## GOAL OF THE EXERCISE
What is needed here is an exact repetition of the records below, beginning at the line that has "magnetisations \<open>2p\<^sub>k - n\<close>." and stopping after the line that has "mirror images in".

Stored data
(* Let $n\ge2$ and $h\in(0,1]$. (a) If $\epsilon\in[0,1]$ and $(\bar\omega_k)_{k=0}^{2n}$ satisfies $\bar\omega_k\in C(k,0,0)$, $\bar\omega_{n+k}\in C(n,k,k)$ for $k=0,\dots,n$, then $\max_kH(\bar\omega_k)$ equals $H(\bar\omega_{n/2})=n-\frac{n^2}2+hn$ if $n$ is even; $H(\bar\omega_{(n+1)/2})=n-\frac{n^2+1}2+\epsilon+h(n-1)$ if $n$ is odd and $h\le\epsilon$; $H(\bar\omega_{(n-1)/2})=n-\frac{n^2+1}2-\epsilon+h(n+1)$ if $n$ is odd and $\epsilon<h$. (b) If $0<h<-\epsilon\le1$ and $(\check\omega_k)_{k=0}^{2n}$ satisfies $\check\omega_k\in C(n-k,0,0)$, $\check\omega_{n+k}\in C(0,k,0)$ for $k=0,\dots,n$, then $\max_kH(\check\omega_k)$ equals $H(\check\omega_{n/2})=H(\check\omega_{n+n/2})=n-\frac{n^2}2+hn$ if $n$ is even and $h-\epsilon<1$; $H(\check\omega_{(n+2)/2})=H(\check\omega_{n+(n-2)/2})=n-\frac{n^2}2-2(\epsilon+1)+h(n+2)$ if $n$ is even and $1\le h-\epsilon<2$; $H(\check\omega_{(n+1)/2})=H(\check\omega_{n+(n-1)/2})=n-\frac{n^2+1}2-\epsilon+h(n+1)$ if $n$ is odd. (c) If $0<-\epsilon<h\le1$ and $(\tilde\omega_k)_{k=0}^{n}$ satisfies $\tilde\omega_k\in C(n,k,k)$ for $k=0,\dots,n$, then $\max_kH(\tilde\omega_k)$ equals $H(\tilde\omega_{n/2})=n-\frac{n^2}2-hn$ if $n$ is even, and $H(\tilde\omega_{(n-1)/2})=n-\frac{n^2+1}2+\epsilon-h(n-1)$ if $n$ is odd.
   Context: The graph $\mathcal G(2,n)$ has vertex set $V=V^{(1)}\cup V^{(2)}$ with $V^{(1)}=\{1,\dots,n\}$, $V^{(2)}=\{n+1,\dots,2n\}$; its edge set is $E=E_{\mathrm{int}}\cup E_{\mathrm{cross}}$, where $E_{\mathrm{int}}$ consists of all pairs of distinct vertices in the same $V^{(k)}$ and $E_{\mathrm{cross}}=\{\{i,i+n\}:1\le i\le n\}$. For $\sigma\in\{-1,+1\}^V$, $H(\sigma)=-\sum_{\{i,j\}\in E_{\mathrm{int}}}\sigma_i\sigma_j-\epsilon\sum_{\{i,j\}\in E_{\mathrm{cross}}}\sigma_i\sigma_j-h\sum_{i\in V}\sigma_i$, with $\epsilon\in[-1,1]$. $C(p_1,p_2,a)$ is the set of configurations with exactly $p_1$ vertices of spin $+1$ in $V^{(1)}$, exactly $p_2$ vertices of spin $+1$ in $V^{(2)}$, and exactly $a$ cross-edges both of whose endpoints have spin $+1$ ($H$ is constant on each such set). *)

theory Defs
  imports Complex_Main
begin

definition V1 :: "nat \<Rightarrow> nat set" where "V1 n = {1..n}"
definition V2 :: "nat \<Rightarrow> nat set" where "V2 n = {n+1..2*n}"
definition V :: "nat \<Rightarrow> nat set" where "V n = V1 n \<union> V2 n"

definition E_int :: "nat \<Rightarrow> nat set set" where
  "E_int n = {{i, j} | i j. i \<noteq> j \<and> ((i \<in> V1 n \<and> j \<in> V1 n) \<or> (i \<in> V2 n \<and> j \<in> V2 n))}"

definition E_cross :: "nat \<Rightarrow> nat set set" where
  "E_cross n = {{i, i + n} | i. 1 \<le> i \<and> i \<le> n}"

text \<open>Spin configurations: sigma takes values in {-1,+1} on V (values off V are irrelevant).\<close>
definition configs :: "nat \<Rightarrow> (nat \<Rightarrow> real) set" where
  "configs n = {\<sigma>. \<forall>i\<in>V n. \<sigma> i = 1 \<or> \<sigma> i = -1}"

definition Ham :: "nat \<Rightarrow> real \<Rightarrow> real \<Rightarrow> (nat \<Rightarrow> real) \<Rightarrow> real" where
  "Ham n \<epsilon> h \<sigma> =
     - (\<Sum>e\<in>E_int n. \<Prod>i\<in>e. \<sigma> i)
     - \<epsilon> * (\<Sum>e\<in>E_cross n. \<Prod>i\<in>e. \<sigma> i)
     - h * (\<Sum>i\<in>V n. \<sigma> i)"

definition Cset :: "nat \<Rightarrow> nat \<Rightarrow> nat \<Rightarrow> nat \<Rightarrow> (nat \<Rightarrow> real) set" where
  "Cset n p1 p2 a = {\<sigma> \<in> configs n.
      card {i \<in> V1 n. \<sigma> i = 1} = p1 \<and>
      card {i \<in> V2 n. \<sigma> i = 1} = p2 \<and>
      card {e \<in> E_cross n. \<forall>i\<in>e. \<sigma> i = 1} = a}"

end

theory Submission
  imports Defs
begin

text \<open>On each class \<open>C(p\<^sub>1, p\<^sub>2, a)\<close> the Hamiltonian takes a closed form in the block
  magnetisations \<open>2p\<^sub>k - n\<close>. Along each of the three paths it is therefore, up to a constant,
  the concave parabola \<open>b x - x\<^sup>2/2\<close> evaluated at \<open>x = 2p - n\<close>, and \<open>x\<close> runs through one parity
  class of integers. On such a class the parabola is maximal at the point within distance 1 of
  its vertex \<open>b\<close>. In path (a) the configurations of the second half lie \<open>4hk\<close> below their
  mirror images in the first half, and in path (b) both halves trace the same energies.\<close>

definition edges_within :: "'a set \<Rightarrow> 'a set set" where
  "edges_within A = {{i, j} | i j. i \<noteq> j \<and> i \<in> A \<and> j \<in> A}"

lemma finite_edges_within: "finite A \<Longrightarrow> finite (edges_within A)"
proof -
  assume "finite A"
  have "edges_within A \<subseteq> (\<lambda>(i, j). {i, j}) ` (A \<times> A)"
    unfolding edges_within_def by auto
  then show ?thesis using \<open>finite A\<close> by (meson finite_SigmaI finite_imageI finite_subset)
qed

lemma edges_within_empty [simp]: "edges_within {} = {}"
  unfolding edges_within_def by auto

lemma edges_within_insert:
  "a \<notin> A \<Longrightarrow> edges_within (insert a A) = edges_within A \<union> (\<lambda>j. {a, j}) ` A"
  unfolding edges_within_def by auto

lemma sum_edges_within_pm:
  fixes \<sigma> :: "'a \<Rightarrow> real"
  assumes "finite A" and "\<forall>i\<in>A. \<sigma> i = 1 \<or> \<sigma> i = -1"
  shows "(\<Sum>e\<in>edges_within A. \<Prod>i\<in>e. \<sigma> i) = ((\<Sum>i\<in>A. \<sigma> i)\<^sup>2 - real (card A)) / 2"
  using assms
proof (induction A rule: finite_induct)
  case empty
  then show ?case by simp
next
  case (insert a A)
  have disjoint: "edges_within A \<inter> (\<lambda>j. {a, j}) ` A = {}"
    using insert.hyps(2) unfolding edges_within_def by (fastforce simp: doubleton_eq_iff)
  have inj: "inj_on (\<lambda>j. {a, j}) A"
    using insert.hyps(2) by (auto simp: inj_on_def doubleton_eq_iff)
  have "(\<Prod>i\<in>{a, j}. \<sigma> i) = \<sigma> a * \<sigma> j" if "j \<in> A" for j
    using that insert.hyps(2) by (subst prod.insert) auto
  then have new_edges: "(\<Sum>e\<in>(\<lambda>j. {a, j}) ` A. \<Prod>i\<in>e. \<sigma> i) = \<sigma> a * (\<Sum>j\<in>A. \<sigma> j)"
    using inj
    by (subst sum.reindex) (auto simp: sum_distrib_left intro!: sum.cong)
  have "(\<Sum>e\<in>edges_within (insert a A). \<Prod>i\<in>e. \<sigma> i)
      = (\<Sum>e\<in>edges_within A. \<Prod>i\<in>e. \<sigma> i) + \<sigma> a * (\<Sum>j\<in>A. \<sigma> j)"
    unfolding edges_within_insert[OF insert.hyps(2)] new_edges[symmetric]
    using insert.hyps(1) disjoint by (intro sum.union_disjoint) (auto simp: finite_edges_within)
  moreover have "\<sigma> a * \<sigma> a = 1" using insert.prems by auto
  ultimately show ?case
    using insert by (simp add: power2_eq_square field_simps)
qed

lemma sum_of_bool_eq_card:
  "finite A \<Longrightarrow> (\<Sum>x\<in>A. of_bool (P x)) = (of_nat (card {x\<in>A. P x}) :: 'b::semiring_1)"
  by (simp add: Int_def)

lemma sum_pm_eq_card:
  fixes \<sigma> :: "'a \<Rightarrow> real"
  assumes "finite A" and "\<forall>i\<in>A. \<sigma> i = 1 \<or> \<sigma> i = -1"
  shows "(\<Sum>i\<in>A. \<sigma> i) = 2 * real (card {i\<in>A. \<sigma> i = 1}) - real (card A)"
proof -
  have "(\<Sum>i\<in>A. \<sigma> i) = (\<Sum>i\<in>A. 2 * of_bool (\<sigma> i = 1) - 1)"
    using assms(2) by (intro sum.cong) auto
  also have "\<dots> = 2 * real (card {i\<in>A. \<sigma> i = 1}) - real (card A)"
    using assms(1) by (simp add: sum_subtractf sum_distrib_left[symmetric] Int_def)
  finally show ?thesis .
qed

## ANSWER SECTION
  magnetisations \<open>2p\<^sub>k - n\<close>. Along each of the three paths it is therefore, up to a constant,
  the concave parabola \<open>b x - x\<^sup>2/2\<close> evaluated at \<open>x = 2p - n\<close>, and \<open>x\<close> runs through one parity
  class of integers. On such a class the parabola is maximal at the point within distance 1 of
  its vertex \<open>b\<close>. In path (a) the configurations of the second half lie \<open>4hk\<close> below their
  mirror images in the first half, and in path (b) both halves trace the same energies.\<close>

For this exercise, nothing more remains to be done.